An electric vehicle is a ‘car’ for FBT purposes if it has a carrying capacity of less than 1 tonne and it is designed to carry fewer than 9 passengers. As such, prior to the introduction of the Electric Car Bill, the private use of an electric car that had been provided by an employer to their employees (or their associates) amounted to a car fringe benefit. This presented significant FBT consequences for an employer, particularly if they valued the car fringe benefit using the Statutory Formula Method (SFM). The SFM calculates the taxable value of the car fringe benefit with reference to the base value of the car, which can be considerably higher for electric vehicles.
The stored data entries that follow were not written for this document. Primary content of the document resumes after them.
(* Let $A,X^1,\ldots,X^m\in M_n(\mathbb{C})$ and $1\le m\le k\le n$. Then $$D^m\otimes^k(A)(X^1,\ldots,X^m)=\sum_{\sigma\in S_m}\sum_{\substack{j_1,\ldots,j_{m+1}\ge0\\ j_1+\cdots+j_{m+1}=k-m}}(\otimes^{j_1}A)\otimes X^{\sigma(1)}\otimes(\otimes^{j_2}A)\otimes X^{\sigma(2)}\otimes\cdots\otimes X^{\sigma(m)}\otimes(\otimes^{j_{m+1}}A),$$ and consequently $$\|D^m\otimes^kA\|=\frac{k!}{(k-m)!}\|A\|^{k-m}.$$
   Context: $\otimes^kA$ is the $k$-fold tensor power of $A$ acting on $\otimes^k\mathbb{C}^n$, and $\otimes^0A$ is the empty factor (omitted). $D^m\otimes^k(A)(X^1,\ldots,X^m)=\frac{\partial^m}{\partial t_1\cdots\partial t_m}\big|_{t=0}\otimes^k(A+t_1X^1+\cdots+t_mX^m)$. $\|\cdot\|$ on matrices/operators is the operator (spectral) norm, and for the $m$-linear map $D^m\otimes^kA$, $\|D^m\otimes^kA\|=\sup_{\|X^1\|=\cdots=\|X^m\|=1}\|D^m\otimes^k(A)(X^1,\ldots,X^m)\|$. *)

theory Defs
  imports "HOL-Analysis.Analysis" "Jordan_Normal_Form.Matrix"
begin

definition kron :: "complex mat \<Rightarrow> complex mat \<Rightarrow> complex mat" where
  "kron A B = mat (dim_row A * dim_row B) (dim_col A * dim_col B)
     (\<lambda>(i, j). A $$ (i div dim_row B, j div dim_col B) * B $$ (i mod dim_row B, j mod dim_col B))"

fun tpow :: "nat \<Rightarrow> complex mat \<Rightarrow> complex mat" where
  "tpow 0 A = 1\<^sub>m 1"
| "tpow (Suc k) A = kron A (tpow k A)"

definition vnorm :: "complex vec \<Rightarrow> real" where
  "vnorm x = sqrt (\<Sum>i<dim_vec x. (cmod (x $ i))\<^sup>2)"

definition opnorm :: "complex mat \<Rightarrow> real" where
  "opnorm M = Sup {vnorm (M *\<^sub>v x) | x. x \<in> carrier_vec (dim_col M) \<and> vnorm x = 1}"

definition mderiv0 :: "(real \<Rightarrow> complex mat) \<Rightarrow> complex mat" where
  "mderiv0 B = mat (dim_row (B 0)) (dim_col (B 0))
     (\<lambda>ij. vector_derivative (\<lambda>t. B t $$ ij) (at 0))"

text \<open>Dm f A [X1,...,Xm] = d/dt1 ... d/dtm at t = 0 of f (A + t1 X1 + ... + tm Xm),
  written as iterated directional derivatives.\<close>
fun Dm :: "(complex mat \<Rightarrow> complex mat) \<Rightarrow> complex mat \<Rightarrow> complex mat list \<Rightarrow> complex mat" where
  "Dm f A [] = f A"
| "Dm f A (X # Xs) = mderiv0 (\<lambda>t. Dm f (A + complex_of_real t \<cdot>\<^sub>m X) Xs)"

definition Dm_norm :: "(complex mat \<Rightarrow> complex mat) \<Rightarrow> nat \<Rightarrow> nat \<Rightarrow> complex mat \<Rightarrow> real" where
  "Dm_norm f n m A = Sup {opnorm (Dm f A Xs) | Xs. length Xs = m \<and>
      (\<forall>X\<in>set Xs. X \<in> carrier_mat n n \<and> opnorm X = 1)}"

text \<open>interl A [j1,...,j(m+1)] [Y1,...,Ym] =
  (tpow j1 A) (x) Y1 (x) (tpow j2 A) (x) ... (x) Ym (x) (tpow j(m+1) A).\<close>
fun interl :: "complex mat \<Rightarrow> nat list \<Rightarrow> complex mat list \<Rightarrow> complex mat" where
  "interl A [j] [] = tpow j A"
| "interl A (j # js) (Y # Ys) = kron (tpow j A) (kron Y (interl A js Ys))"
| "interl A _ _ = 1\<^sub>m 1"

end

theory Submission
  imports Defs
begin

text \<open>Differentiating \<open>\<otimes>\<^sup>k(A + t X)\<close> at \<open>t = 0\<close> replaces, by the product rule, one factor A by X
  in all k possible positions. Iterating this for \<open>X\<^sup>1, \<dots>, X\<^sup>m\<close> yields every k-fold tensor product
  with the \<open>X\<^sup>i\<close> in m of the positions and A elsewhere; grouping the terms by the order
  \<open>\<sigma>\<close> in which the \<open>X\<^sup>i\<close> appear and by the lengths \<open>j\<^sub>1, \<dots>, j\<^bsub>m+1\<^esub>\<close> of the runs of A
  between them gives the formula.

  The operator norm is submultiplicative for Kronecker products and multiplicative on tensor
  powers (test \<open>\<otimes>\<^sup>kA\<close> on \<open>\<otimes>\<^sup>kx\<close>), so each of the \<open>m! \<cdot> (k choose m) = k!/(k-m)!\<close> terms has
  norm at most \<open>\<parallel>A\<parallel>\<^bsup>k-m\<^esup>\<close> when all \<open>\<parallel>X\<^sup>i\<parallel> = 1\<close>. For \<open>X\<^sup>i = A/\<parallel>A\<parallel>\<close> all terms equal
  \<open>\<parallel>A\<parallel>\<^bsup>-m\<^esup> \<otimes>\<^sup>kA\<close>, which shows that the bound is attained.\<close>

section \<open>Kronecker products and tensor powers\<close>

lemma kron_dims [simp]:
  "dim_row (kron A B) = dim_row A * dim_row B" "dim_col (kron A B) = dim_col A * dim_col B"
  by (simp_all add: kron_def)

lemma kron_carrier:
  "A \<in> carrier_mat a b \<Longrightarrow> B \<in> carrier_mat c d \<Longrightarrow> kron A B \<in> carrier_mat (a * c) (b * d)"
  by (simp add: kron_def)

lemma kron_index [simp]:
  "i < dim_row A * dim_row B \<Longrightarrow> j < dim_col A * dim_col B \<Longrightarrow>
   kron A B $$ (i, j) = A $$ (i div dim_row B, j div dim_col B) * B $$ (i mod dim_row B, j mod dim_col B)"
  by (simp add: kron_def)

lemma kron_index_square:
  "A \<in> carrier_mat n n \<Longrightarrow> B \<in> carrier_mat q q \<Longrightarrow> i < n * q \<Longrightarrow> j < n * q \<Longrightarrow>
   kron A B $$ (i, j) = A $$ (i div q, j div q) * B $$ (i mod q, j mod q)"
  by simp

lemma mod_mult_div_eq_div_mod:
  fixes i b c :: nat
  shows "i mod (b * c) div c = i div c mod b"
proof -
  have "i mod (c * b) = c * (i div c mod b) + i mod c" by (rule mod_mult2_eq)
  then show ?thesis by (cases "c = 0") (simp_all add: mult.commute)
qed

lemma kron_assoc: "kron (kron A B) C = kron A (kron B C)"
proof (rule eq_matI)
  fix i j assume "i < dim_row (kron A (kron B C))" and "j < dim_col (kron A (kron B C))"
  moreover define rb rc cb cc where dims: "rb = dim_row B" "rc = dim_row C" "cb = dim_col B" "cc = dim_col C"
  ultimately have i: "i < dim_row A * rb * rc" and j: "j < dim_col A * cb * cc"
    by (simp_all add: mult.assoc)
  then have "rb * rc > 0" "cb * cc > 0" by (auto intro: gr0I)
  moreover have "i div rc < dim_row A * rb" "j div cc < dim_col A * cb"
    using i j by (simp_all add: less_mult_imp_div_less)
  moreover have "i div (rb * rc) = i div rc div rb" "j div (cb * cc) = j div cc div cb"
    by (metis div_mult2_eq mult.commute)+
  ultimately show "kron (kron A B) C $$ (i, j) = kron A (kron B C) $$ (i, j)"
    using i j by (simp add: dims mod_mult_div_eq_div_mod mod_mod_cancel mult.assoc)
qed (simp_all add: mult.assoc)

lemma kron_one_left [simp]: "kron (1\<^sub>m (Suc 0)) M = M"
  by (rule eq_matI) auto

lemma kron_smult_left: "kron (c \<cdot>\<^sub>m A) B = c \<cdot>\<^sub>m kron A B"
  by (rule eq_matI) (auto simp: less_mult_imp_div_less)

lemma kron_smult_right: "kron A (c \<cdot>\<^sub>m B) = c \<cdot>\<^sub>m kron A B"
proof (rule eq_matI)
  fix i j assume "i < dim_row (c \<cdot>\<^sub>m kron A B)" and "j < dim_col (c \<cdot>\<^sub>m kron A B)"
  moreover from this have "dim_row B > 0" "dim_col B > 0" by (auto intro: gr0I)
  ultimately show "kron A (c \<cdot>\<^sub>m B) $$ (i, j) = (c \<cdot>\<^sub>m kron A B) $$ (i, j)" by simp
qed simp_all

lemma tpow_carrier: "A \<in> carrier_mat n n \<Longrightarrow> tpow k A \<in> carrier_mat (n ^ k) (n ^ k)"
  by (induction k) (auto simp: kron_def)

lemma tpow_add: "tpow (a + b) A = kron (tpow a A) (tpow b A)"
  by (induction a) (simp_all add: kron_assoc)

lemma interl_carrier:
  assumes "A \<in> carrier_mat n n" and "\<forall>Y\<in>set Ys. Y \<in> carrier_mat n n" and "length js = Suc (length Ys)"
  shows "interl A js Ys \<in> carrier_mat (n ^ (sum_list js + length Ys)) (n ^ (sum_list js + length Ys))"
  using assms(2,3)
proof (induction Ys arbitrary: js)
  case Nil
  then obtain j where "js = [j]" by (cases js) auto
  then show ?case using tpow_carrier[OF assms(1)] by simp
next
  case (Cons Y Ys)
  then obtain j js' where js: "js = j # js'" by (cases js) auto
  with Cons have "interl A js' Ys \<in> carrier_mat (n ^ (sum_list js' + length Ys)) (n ^ (sum_list js' + length Ys))"
    by auto
  with Cons.prems have "kron (tpow j A) (kron Y (interl A js' Ys)) \<in>
      carrier_mat (n ^ j * (n * n ^ (sum_list js' + length Ys))) (n ^ j * (n * n ^ (sum_list js' + length Ys)))"
    by (intro kron_carrier tpow_carrier[OF assms(1)]) auto
  then show ?case using js by (simp add: power_add ac_simps)
qed

lemma interl_Suc_Cons: "interl A (Suc j # js) (Y # Ys) = kron A (interl A (j # js) (Y # Ys))"
  by (simp add: kron_assoc)

section \<open>Shuffled tensor products and their derivatives\<close>

text \<open>The sum of all k-fold Kronecker products whose factors are A, except for the factors Ys,
  which occur in this order.\<close>
fun shuffle_tpow :: "nat \<Rightarrow> complex mat \<Rightarrow> complex mat list \<Rightarrow> complex mat" where
  "shuffle_tpow 0 A [] = 1\<^sub>m 1"
| "shuffle_tpow 0 A (Y # Ys) = 0\<^sub>m 1 1"
| "shuffle_tpow (Suc k) A [] = kron A (shuffle_tpow k A [])"
| "shuffle_tpow (Suc k) A (Y # Ys) = kron Y (shuffle_tpow k A Ys) + kron A (shuffle_tpow k A (Y # Ys))"

definition insert_at :: "nat \<Rightarrow> 'a \<Rightarrow> 'a list \<Rightarrow> 'a list" where
  "insert_at p x xs = take p xs @ x # drop p xs"

lemma set_insert_at [simp]: "set (insert_at p x xs) = insert x (set xs)"
  unfolding insert_at_def by (metis Un_insert_right append_take_drop_id list.simps(15) set_append)

lemma length_insert_at [simp]: "length (insert_at p x xs) = Suc (length xs)"
  unfolding insert_at_def by simp

lemma insert_at_0 [simp]: "insert_at 0 x xs = x # xs"
  unfolding insert_at_def by simp

lemma insert_at_not_Nil [simp]: "insert_at p x xs \<noteq> []"
  unfolding insert_at_def by simp

lemma insert_at_Suc_Cons [simp]: "insert_at (Suc p) x (y # xs) = y # insert_at p x xs"
  unfolding insert_at_def by simp

lemma nth_insert_at:
  "p \<le> length xs \<Longrightarrow> i \<le> length xs \<Longrightarrow>
   insert_at p x xs ! i = (if i < p then xs ! i else if i = p then x else xs ! (i - 1))"
  unfolding insert_at_def by (auto simp: nth_append min_def)

lemma shuffle_tpow_carrier:
  "A \<in> carrier_mat n n \<Longrightarrow> \<forall>Y\<in>set Ys. Y \<in> carrier_mat n n \<Longrightarrow>
   shuffle_tpow k A Ys \<in> carrier_mat (n ^ k) (n ^ k)"
proof (induction k A Ys rule: shuffle_tpow.induct)
  case (4 k A Y Ys)
  then show ?case by (auto intro!: kron_carrier[of _ n n _ "n ^ k" "n ^ k", simplified])
qed (auto intro!: kron_carrier[of _ n n _ "n ^ _" "n ^ _", simplified])

lemma shuffle_tpow_Nil: "shuffle_tpow k A [] = tpow k A"
  by (induction k) auto

lemma shuffle_tpow_0_index: "shuffle_tpow 0 A Ys $$ (0, 0) = (if Ys = [] then 1 else 0)"
  by (cases Ys) auto

lemma shuffle_tpow_Suc_index:
  assumes "A \<in> carrier_mat n n" and "\<forall>Y\<in>set Ys. Y \<in> carrier_mat n n"
    and "i < n ^ Suc k" and "j < n ^ Suc k"
  shows "shuffle_tpow (Suc k) A Ys $$ (i, j) =
      A $$ (i div n ^ k, j div n ^ k) * shuffle_tpow k A Ys $$ (i mod n ^ k, j mod n ^ k)
    + (case Ys of [] \<Rightarrow> 0
       | Y # Zs \<Rightarrow> Y $$ (i div n ^ k, j div n ^ k) * shuffle_tpow k A Zs $$ (i mod n ^ k, j mod n ^ k))"
proof -
  have "i < n * n ^ k" "j < n * n ^ k" using assms(3,4) by simp_all
  note kron_ij = kron_index_square[OF _ _ this]
  have shuffle_carrier: "shuffle_tpow k A Zs \<in> carrier_mat (n ^ k) (n ^ k)"
    if "\<forall>Y\<in>set Zs. Y \<in> carrier_mat n n" for Zs
    using shuffle_tpow_carrier[OF assms(1) that] .
  show ?thesis
  proof (cases Ys)
    case (Cons Y Zs)
    with assms(2) have Y: "Y \<in> carrier_mat n n" and Zs: "\<forall>Y\<in>set Zs. Y \<in> carrier_mat n n"
      by auto
    have "shuffle_tpow (Suc k) A Ys $$ (i, j) =
        kron Y (shuffle_tpow k A Zs) $$ (i, j) + kron A (shuffle_tpow k A Ys) $$ (i, j)"
      using Cons assms(3,4) carrier_matD[OF kron_carrier[OF assms(1) shuffle_carrier[OF assms(2)]]]
      by (simp add: mult.commute)
    then show ?thesis
      using Cons kron_ij[OF assms(1) shuffle_carrier[OF assms(2)], unfolded Cons]
      by (simp add: kron_ij[OF Y shuffle_carrier[OF Zs]])
  qed (simp add: kron_ij[OF assms(1) shuffle_carrier])
qed

lemma sum_shuffle_tpow_insert_at_Suc:
  assumes A: "A \<in> carrier_mat n n" and X: "X \<in> carrier_mat n n"
    and Ys: "\<forall>Y\<in>set Ys. Y \<in> carrier_mat n n" and i: "i < n ^ Suc k" and j: "j < n ^ Suc k"
  shows "(\<Sum>p\<le>length Ys. shuffle_tpow (Suc k) A (insert_at p X Ys) $$ (i, j)) =
      A $$ (i div n ^ k, j div n ^ k) *
        (\<Sum>p\<le>length Ys. shuffle_tpow k A (insert_at p X Ys) $$ (i mod n ^ k, j mod n ^ k))
    + X $$ (i div n ^ k, j div n ^ k) * shuffle_tpow k A Ys $$ (i mod n ^ k, j mod n ^ k)
    + (case Ys of [] \<Rightarrow> 0
       | Y # Zs \<Rightarrow> Y $$ (i div n ^ k, j div n ^ k) *
          (\<Sum>p\<le>length Zs. shuffle_tpow k A (insert_at p X Zs) $$ (i mod n ^ k, j mod n ^ k)))"
proof -
  define a b where "a = (i div n ^ k, j div n ^ k)" and "b = (i mod n ^ k, j mod n ^ k)"
  define c where "c Ws = (case Ws of [] \<Rightarrow> 0 | W # Zs \<Rightarrow> W $$ a * shuffle_tpow k A Zs $$ b)" for Ws
  have "shuffle_tpow (Suc k) A (insert_at p X Ys) $$ (i, j) =
      A $$ a * shuffle_tpow k A (insert_at p X Ys) $$ b + c (insert_at p X Ys)" for p
    unfolding a_def b_def c_def using X Ys by (intro shuffle_tpow_Suc_index[OF A _ i j]) auto
  then have "(\<Sum>p\<le>length Ys. shuffle_tpow (Suc k) A (insert_at p X Ys) $$ (i, j)) =
      A $$ a * (\<Sum>p\<le>length Ys. shuffle_tpow k A (insert_at p X Ys) $$ b)
      + c (X # Ys) + (\<Sum>p<length Ys. c (insert_at (Suc p) X Ys))"
    by (simp add: sum.distrib sum_distrib_left sum.atMost_shift[of "\<lambda>p. c (insert_at p X Ys)"])
  also have "(\<Sum>p<length Ys. c (insert_at (Suc p) X Ys)) =
      (case Ys of [] \<Rightarrow> 0 | Y # Zs \<Rightarrow> Y $$ a * (\<Sum>p\<le>length Zs. shuffle_tpow k A (insert_at p X Zs) $$ b))"
    by (cases Ys) (simp_all add: c_def sum_distrib_left lessThan_Suc_atMost)
  finally show ?thesis by (cases Ys) (simp_all add: a_def b_def c_def)
qed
A car benefit will be an exempt benefit in relation to a year of tax if all of the following requirements are satisfied:
- The car benefit is provided in the year of tax in respect of a current employee
- The exemption is available to current employees or their associates, but not future or former employees.
- The car benefit was provided on or after 1 July 2022.
- The car is a ‘zero or low emissions vehicle’ when the benefit was provided.
- A zero or low emissions vehicle is a car that is a battery electric vehicle, a hydrogen fuel cell electric vehicle or a plug-in hybrid electric vehicle.
It is important to note that plug-in hybrid electric vehicles cease to be a zero or low emissions vehicle from 1 April 2025, unless certain ‘transitional rules’ are met.
Essentially, where a car benefit relating to a plug-in hybrid car was provided and exempt under the electric cars FBT exemption prior to 1 April 2025, the transitional rules allow access to the electric cars FBT exemption beyond 1 April 2025 until there is a sufficient change to the pre-1 April 2025 arrangement.
Such changes to the pre-1 April 2025 arrangement include:
- Refinancing the car;
- Making alterations to an existing lease contract, including changing the duration of an existing lease contract;
- A change of employer, even within the same group of companies.
TIP: Caution should be exercised in relation to acquiring a plug-in hybrid car that is to be used as a ‘fleet car’ or similar until the ATO clarifies how it will administer the transitional rules in relation to ‘fleet cars’ not being available to one particular employee, as this may constitute a change in the pre-1 April 2025 arrangement.
A petrol-hybrid vehicle without an ability to plug-in, such as vehicles where the battery is recharged while you drive without being plugged in, are not eligible vehicles for the electric cars FBT exemption.
The first time when a person both held and used the car was on or after 1 July 2022.
TIP: The electric cars FBT exemption is not limited to new cars, but the relevant vehicle must not have been held or used by any person before 1 July 2022. Practically, this may present some challenges in determining when the car was first held and used, where the employer is not the first owner of the vehicle.
No amount of luxury car tax has become payable on a supply or importation of the car before the benefit is provided.
The luxury car tax for fuel efficient cars is $84,916 for the 2023 income tax year. Similar to point 4 above, it is necessary to determine whether luxury car tax was payable in relation to prior sales of the vehicle in order to access the electric cars FBT exemption.
In addition to the private use of the electric car being exempt from FBT, any associated running costs will also be FBT-exempt. This includes:
- Registration and insurance
- Repairs and maintenance
- Fuel (including the cost of electricity associated with charging the battery of an electric car)
TIP: It has previously been the case that FBT-exempt benefits are not included when calculating an employee’s reportable fringe benefits amount (RFBA). However, the Electric Car Bill provides that car benefits arising in respect of FBT-exempt electric cars are included when calculating an employee’s RFBA.